▸ What is expected: Work out how many lines of the records contain "proof". Answer with the number and nothing else.

BEGIN Records supplied

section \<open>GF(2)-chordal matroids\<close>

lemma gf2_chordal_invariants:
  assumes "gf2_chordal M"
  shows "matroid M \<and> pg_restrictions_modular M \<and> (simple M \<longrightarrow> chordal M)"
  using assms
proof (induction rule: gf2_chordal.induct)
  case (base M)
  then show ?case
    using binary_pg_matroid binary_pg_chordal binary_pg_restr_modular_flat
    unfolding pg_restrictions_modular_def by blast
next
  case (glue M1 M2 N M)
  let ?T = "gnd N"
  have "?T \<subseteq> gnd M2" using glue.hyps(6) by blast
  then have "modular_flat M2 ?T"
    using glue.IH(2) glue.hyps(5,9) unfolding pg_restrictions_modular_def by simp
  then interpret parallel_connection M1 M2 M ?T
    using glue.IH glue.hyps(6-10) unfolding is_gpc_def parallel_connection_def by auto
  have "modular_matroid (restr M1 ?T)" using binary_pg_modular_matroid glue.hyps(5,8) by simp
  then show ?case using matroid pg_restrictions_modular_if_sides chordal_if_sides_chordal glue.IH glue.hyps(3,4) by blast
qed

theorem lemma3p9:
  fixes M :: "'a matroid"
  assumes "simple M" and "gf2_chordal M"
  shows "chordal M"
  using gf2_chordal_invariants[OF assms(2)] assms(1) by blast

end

END Records supplied
BEGIN Records supplied

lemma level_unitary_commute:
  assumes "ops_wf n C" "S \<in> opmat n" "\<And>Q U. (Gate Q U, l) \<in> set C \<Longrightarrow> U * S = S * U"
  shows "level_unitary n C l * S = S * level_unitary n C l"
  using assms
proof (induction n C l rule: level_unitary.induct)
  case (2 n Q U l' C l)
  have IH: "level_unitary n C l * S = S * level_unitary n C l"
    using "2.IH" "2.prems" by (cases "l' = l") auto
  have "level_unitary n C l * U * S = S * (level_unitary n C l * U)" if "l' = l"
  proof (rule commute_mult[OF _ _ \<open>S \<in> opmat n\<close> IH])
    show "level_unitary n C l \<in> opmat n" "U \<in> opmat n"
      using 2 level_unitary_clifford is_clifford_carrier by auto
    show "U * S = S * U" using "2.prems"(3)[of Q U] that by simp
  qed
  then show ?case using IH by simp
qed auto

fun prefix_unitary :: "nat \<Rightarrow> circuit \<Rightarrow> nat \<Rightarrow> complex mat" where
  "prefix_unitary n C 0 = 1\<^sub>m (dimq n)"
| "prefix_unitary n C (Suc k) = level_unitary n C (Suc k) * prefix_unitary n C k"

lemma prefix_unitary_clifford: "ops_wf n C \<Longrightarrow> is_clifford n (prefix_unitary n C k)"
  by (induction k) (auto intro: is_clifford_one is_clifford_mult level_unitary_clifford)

END Records supplied
BEGIN Records supplied

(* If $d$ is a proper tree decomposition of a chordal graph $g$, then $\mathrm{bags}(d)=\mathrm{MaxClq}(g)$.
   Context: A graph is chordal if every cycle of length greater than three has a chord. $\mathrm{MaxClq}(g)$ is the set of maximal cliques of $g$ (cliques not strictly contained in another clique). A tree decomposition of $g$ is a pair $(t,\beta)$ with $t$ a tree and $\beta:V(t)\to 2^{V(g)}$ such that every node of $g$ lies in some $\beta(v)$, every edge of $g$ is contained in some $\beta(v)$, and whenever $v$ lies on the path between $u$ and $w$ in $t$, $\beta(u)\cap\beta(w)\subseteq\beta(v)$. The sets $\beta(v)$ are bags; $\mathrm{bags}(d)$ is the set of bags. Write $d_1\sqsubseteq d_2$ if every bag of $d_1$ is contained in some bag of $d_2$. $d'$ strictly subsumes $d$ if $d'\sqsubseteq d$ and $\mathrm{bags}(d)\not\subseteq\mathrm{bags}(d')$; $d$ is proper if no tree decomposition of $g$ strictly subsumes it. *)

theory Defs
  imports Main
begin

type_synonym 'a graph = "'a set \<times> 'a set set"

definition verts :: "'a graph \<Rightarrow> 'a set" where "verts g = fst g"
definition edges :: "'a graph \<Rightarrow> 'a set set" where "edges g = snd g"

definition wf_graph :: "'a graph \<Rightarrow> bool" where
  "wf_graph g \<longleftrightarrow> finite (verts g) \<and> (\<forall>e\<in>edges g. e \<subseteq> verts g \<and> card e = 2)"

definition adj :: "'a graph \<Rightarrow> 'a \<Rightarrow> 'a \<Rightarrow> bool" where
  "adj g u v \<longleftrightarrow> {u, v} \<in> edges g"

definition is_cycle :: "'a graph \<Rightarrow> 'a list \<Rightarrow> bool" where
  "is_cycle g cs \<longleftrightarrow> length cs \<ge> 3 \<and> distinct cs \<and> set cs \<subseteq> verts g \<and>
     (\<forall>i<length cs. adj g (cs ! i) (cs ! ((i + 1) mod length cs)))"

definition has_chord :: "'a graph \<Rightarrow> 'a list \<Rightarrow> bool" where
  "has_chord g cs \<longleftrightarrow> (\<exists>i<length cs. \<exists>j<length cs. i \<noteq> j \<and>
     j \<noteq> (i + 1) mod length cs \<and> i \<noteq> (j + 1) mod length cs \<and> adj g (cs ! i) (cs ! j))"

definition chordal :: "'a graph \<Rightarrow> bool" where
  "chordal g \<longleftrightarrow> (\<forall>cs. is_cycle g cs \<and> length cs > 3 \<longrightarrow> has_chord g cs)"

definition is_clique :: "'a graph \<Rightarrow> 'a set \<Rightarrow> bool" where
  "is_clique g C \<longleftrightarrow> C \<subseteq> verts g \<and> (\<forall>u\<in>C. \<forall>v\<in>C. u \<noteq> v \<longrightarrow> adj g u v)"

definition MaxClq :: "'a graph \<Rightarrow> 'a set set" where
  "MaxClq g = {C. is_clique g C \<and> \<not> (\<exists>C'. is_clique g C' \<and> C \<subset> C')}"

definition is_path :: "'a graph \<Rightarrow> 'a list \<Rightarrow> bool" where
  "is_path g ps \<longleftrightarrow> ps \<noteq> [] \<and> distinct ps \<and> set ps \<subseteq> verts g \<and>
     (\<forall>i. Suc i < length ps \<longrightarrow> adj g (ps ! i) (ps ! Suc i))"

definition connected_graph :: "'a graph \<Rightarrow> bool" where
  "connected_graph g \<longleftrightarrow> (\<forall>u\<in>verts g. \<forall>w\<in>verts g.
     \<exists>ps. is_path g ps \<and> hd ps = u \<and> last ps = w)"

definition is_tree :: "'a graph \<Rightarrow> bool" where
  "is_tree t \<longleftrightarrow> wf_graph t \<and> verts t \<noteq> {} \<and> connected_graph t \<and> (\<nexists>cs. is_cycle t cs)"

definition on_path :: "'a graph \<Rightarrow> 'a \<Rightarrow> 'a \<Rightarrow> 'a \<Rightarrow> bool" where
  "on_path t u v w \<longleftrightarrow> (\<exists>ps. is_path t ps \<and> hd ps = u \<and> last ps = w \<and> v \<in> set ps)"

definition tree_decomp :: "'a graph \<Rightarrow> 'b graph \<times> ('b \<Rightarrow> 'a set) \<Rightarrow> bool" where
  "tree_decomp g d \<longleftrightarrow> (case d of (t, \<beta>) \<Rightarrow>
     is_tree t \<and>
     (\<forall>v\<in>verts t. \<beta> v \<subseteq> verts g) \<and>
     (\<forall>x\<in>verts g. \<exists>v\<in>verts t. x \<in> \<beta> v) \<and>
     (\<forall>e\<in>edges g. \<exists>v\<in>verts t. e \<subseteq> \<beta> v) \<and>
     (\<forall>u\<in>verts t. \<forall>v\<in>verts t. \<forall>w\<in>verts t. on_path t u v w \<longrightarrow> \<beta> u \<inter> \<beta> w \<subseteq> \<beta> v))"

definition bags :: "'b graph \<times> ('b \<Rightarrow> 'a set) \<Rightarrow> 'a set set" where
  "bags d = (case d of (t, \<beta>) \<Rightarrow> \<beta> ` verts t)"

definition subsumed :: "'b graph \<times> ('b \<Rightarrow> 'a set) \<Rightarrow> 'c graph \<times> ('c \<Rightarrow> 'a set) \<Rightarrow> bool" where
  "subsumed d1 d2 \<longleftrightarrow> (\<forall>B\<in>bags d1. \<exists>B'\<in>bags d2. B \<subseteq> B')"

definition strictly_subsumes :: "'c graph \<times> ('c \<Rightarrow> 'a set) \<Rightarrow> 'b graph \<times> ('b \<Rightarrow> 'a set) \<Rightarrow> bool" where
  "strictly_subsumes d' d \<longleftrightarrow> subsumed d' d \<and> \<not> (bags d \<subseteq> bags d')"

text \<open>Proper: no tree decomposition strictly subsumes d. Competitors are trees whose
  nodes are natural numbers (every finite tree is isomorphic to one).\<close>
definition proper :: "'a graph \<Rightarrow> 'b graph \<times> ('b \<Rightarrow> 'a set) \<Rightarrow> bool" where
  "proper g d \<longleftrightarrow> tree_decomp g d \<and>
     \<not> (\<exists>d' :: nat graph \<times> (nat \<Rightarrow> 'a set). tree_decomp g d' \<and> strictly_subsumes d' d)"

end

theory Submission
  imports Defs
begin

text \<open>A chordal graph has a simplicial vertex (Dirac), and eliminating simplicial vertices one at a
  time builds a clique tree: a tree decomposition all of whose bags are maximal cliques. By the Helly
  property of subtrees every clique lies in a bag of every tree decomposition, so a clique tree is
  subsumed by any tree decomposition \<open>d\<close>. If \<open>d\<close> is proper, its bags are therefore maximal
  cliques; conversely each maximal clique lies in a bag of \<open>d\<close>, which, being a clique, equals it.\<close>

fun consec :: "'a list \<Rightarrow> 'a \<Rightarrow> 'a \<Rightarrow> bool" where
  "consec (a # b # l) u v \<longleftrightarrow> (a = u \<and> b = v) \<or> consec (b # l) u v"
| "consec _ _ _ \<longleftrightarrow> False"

END Records supplied

▸ Solution: 3